# Data to use:
lemma bcoact_act:
  assumes f: "bilin sc (*) f"
  shows "bcoact bul cm T f (act a v)
       = sw3 cm (\<lambda>a1 a2 a3. bcoact bul cm T (\<lambda>h u. f (bul (bul a1 h) (T a3)) (act a2 u)) v) a"
proof -
  note F = bilin_k_facts[OF f]
  have swap: "sw cm (\<lambda>c d. sw cm (\<lambda>c' d'. f (bul w (bul (lh d d') w')) (act c c')) v2) a2
    = sw cm (\<lambda>c d. sw cm (\<lambda>c' d'. f (bul w (bul (lh c c') w')) (act d d')) v2) a2" for w w' a2 v2
    using act_lh_swap[of "\<lambda>p q. f (bul w (bul q w')) p" v2 a2]
    by (simp add: lin_rules F lin_h_bul1 lin_h_bul2)
  have "bcoact bul cm T f (act a v) = sw3 cm (\<lambda>a1 a2 a3. sw3 cm (\<lambda>v1 v2 v3.
      sw cm (\<lambda>c d. sw cm (\<lambda>c' d'. f (bul (act a1 v1) (bul (lh c c') (bul (T v3) (T a3)))) (act d d')) v2) a2) v) a"
    by (simp only: bcoact_act_lh[OF f] swap)
  also have "\<dots> = sw3 cm (\<lambda>a1 a2 a3. sw3 cm (\<lambda>v1 v2 v3. f (bul (sw cm (\<lambda>x1 x2. sw cm (\<lambda>y1 y2.
      bul (act x1 y1) (lh x2 y2)) v1) a1) (bul (T v3) (T a3))) (act a2 v2)) v) a"
  proof -
    have "sw_iter cm 0 (\<lambda>l. sw_iter cm 0 (\<lambda>k. sw3 cm (\<lambda>a1 a2 a3. sw3 cm (\<lambda>v1 v2 v3.
      sw cm (\<lambda>c d. sw cm (\<lambda>c' d'. f (bul (act a1 v1) (bul (lh c c') (bul (T v3) (T a3)))) (act d d')) v2) a2) (k 0)) (l 0)) v) a
      = sw_iter cm 0 (\<lambda>l. sw_iter cm 0 (\<lambda>k. sw3 cm (\<lambda>a1 a2 a3. sw3 cm (\<lambda>v1 v2 v3. f (bul (sw cm (\<lambda>x1 x2. sw cm (\<lambda>y1 y2.
      bul (act x1 y1) (lh x2 y2)) v1) a1) (bul (T v3) (T a3))) (act a2 v2)) (k 0)) (l 0)) v) a"
      by (simp add: sweedler_nf_bul F sw3_def plh_def)
    then show ?thesis by (simp add: sw_iter_0)
  qed
  also have "\<dots> = sw3 cm (\<lambda>a1 a2 a3. bcoact bul cm T (\<lambda>h u. f (bul (bul a1 h) (T a3)) (act a2 u)) v) a"
  proof -
    have "sw_iter cm 0 (\<lambda>l. sw_iter cm 0 (\<lambda>k. sw3 cm (\<lambda>a1 a2 a3. sw3 cm (\<lambda>v1 v2 v3.
      f (bul (bul a1 v1) (bul (T v3) (T a3))) (act a2 v2)) (k 0)) (l 0)) v) a
      = sw_iter cm 0 (\<lambda>l. sw_iter cm 0 (\<lambda>k. sw3 cm (\<lambda>a1 a2 a3.
      bcoact bul cm T (\<lambda>h u. f (bul (bul a1 h) (T a3)) (act a2 u)) (k 0)) (l 0)) v) a"
      by (simp add: sweedler_nf_bul F bcoact_def sw3_def)
    then show ?thesis by (simp add: sw_iter_0 bul_eq_act_lh[symmetric])
  qed
  finally show ?thesis .
qed

lemmas sweedler_nf_bul_T = sweedler_nf_bul T_antimult

lemma bcoact_coassoc:
  assumes f: "trilin sc (*) f"
  shows "bcoact bul cm T (\<lambda>h u. sw cm (\<lambda>h1 h2. f h1 h2 u) h) v
       = bcoact bul cm T (\<lambda>h u. bcoact bul cm T (\<lambda>h' u'. f h h' u') u) v"
proof -
  note F = trilin_k_facts[OF f]
  have "sw_iter cm 0 (\<lambda>l. bcoact bul cm T (\<lambda>h u. sw cm (\<lambda>h1 h2. f h1 h2 u) h) (l 0)) v
      = sw_iter cm 0 (\<lambda>l. bcoact bul cm T (\<lambda>h u. bcoact bul cm T (\<lambda>h' u'. f h h' u') u) (l 0)) v"
    by (simp add: sweedler_nf_bul_T F bcoact_def sw3_def)
  then show ?thesis by (simp add: sw_iter_0)
qed

lemma bcoact_counit: "bcoact bul cm T (\<lambda>h u. sc (eps h) u) v = v"
proof (rule functional_ext)
  fix \<phi> assume p: "lin_k \<phi>"
  note P = lin_k_facts[OF p]
  have "\<phi> (bcoact bul cm T (\<lambda>h u. sc (eps h) u) v) = sw_iter cm 0 (\<lambda>l. \<phi> (bcoact bul cm T (\<lambda>h u. sc (eps h) u) (l 0))) v"
    by (simp add: sw_iter_0)
  also have "\<dots> = sw_iter cm 2 (\<lambda>m. eps (m 0) * eps (m 2) * \<phi> (m 1)) v"
    by (simp add: sweedler_nf_bul_T P bcoact_def sw3_def)
  also have "\<dots> = sw_iter cm 1 (\<lambda>m. eps (m 0) * \<phi> (m 1)) v"
    using sw_iter_counit_merge(1)[where n=1 and F="\<lambda>m. eps (m 0) * \<phi> (m 1)" and i=1 and x=v]
    by (simp add: sweedler_nf_bul_T P)
  also have "\<dots> = sw_iter cm 0 (\<lambda>m. \<phi> (m 0)) v"
    using sw_iter_counit_merge(2)[where n=0 and F="\<lambda>m. \<phi> (m 0)" and i=0 and x=v]
    by (simp add: sweedler_nf_bul_T P)
  also have "\<dots> = \<phi> v" by (simp add: sw_iter_0)
  finally show "\<phi> (bcoact bul cm T (\<lambda>h u. sc (eps h) u) v) = \<phi> v" .
qed

lemma bcoact_one:
  assumes f: "bilin sc (*) f"
  shows "bcoact bul cm T f one = f one one"
  by (simp add: bcoact_def sw3_def cm_one lin_rules lin_k_sw bilin_k_facts[OF f] lin_h_bul1 lin_h_bul2 lin_h_T_comp T_one bul_one_left)

lemma bcoact_eps: "bcoact bul cm T (\<lambda>h w. sc (eps w) h) v = sc (eps v) one"
proof (rule functional_ext)
  fix \<phi> assume p: "lin_k \<phi>"
  note P = lin_k_facts[OF p]
  have "\<phi> (bcoact bul cm T (\<lambda>h w. sc (eps w) h) v) = sw_iter cm 0 (\<lambda>l. \<phi> (bcoact bul cm T (\<lambda>h w. sc (eps w) h) (l 0))) v"
    by (simp add: sw_iter_0)
  also have "\<dots> = sw_iter cm 2 (\<lambda>m. eps (m 1) * \<phi> (bul (m 0) (T (m 2)))) v"
    by (simp add: sweedler_nf_bul_T P bcoact_def sw3_def)
  also have "\<dots> = sw_iter cm 1 (\<lambda>m. \<phi> (bul (m 0) (T (m 1)))) v"
    using sw_iter_counit_merge(1)[where n=1 and F="\<lambda>m. \<phi> (bul (m 0) (T (m 1)))" and i=0 and x=v]
    by (simp add: sweedler_nf_bul_T P)
  also have "\<dots> = sw_iter cm 0 (\<lambda>l. sw cm (\<lambda>c d. \<phi> (bul c (T d))) (l 0)) v"
    by (simp add: sweedler_nf_bul_T P)
  also have "\<dots> = \<phi> (sc (eps v) one)"
    by (simp add: sw_iter_0 bul_T_conv_ctx P lin_rules lin_h_bul1 lin_h_bul2 lin_h_T_comp)
  finally show "\<phi> (bcoact bul cm T (\<lambda>h w. sc (eps w) h) v) = \<phi> (sc (eps v) one)" .
qed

# Assignment:
Wherever the word "shows" appears in the entries above, copy that line.

# Task answer:
  shows "bcoact bul cm T f (act a v)
  shows "bcoact bul cm T (\<lambda>h u. sw cm (\<lambda>h1 h2. f h1 h2 u) h) v
  shows "bcoact bul cm T f one = f one one"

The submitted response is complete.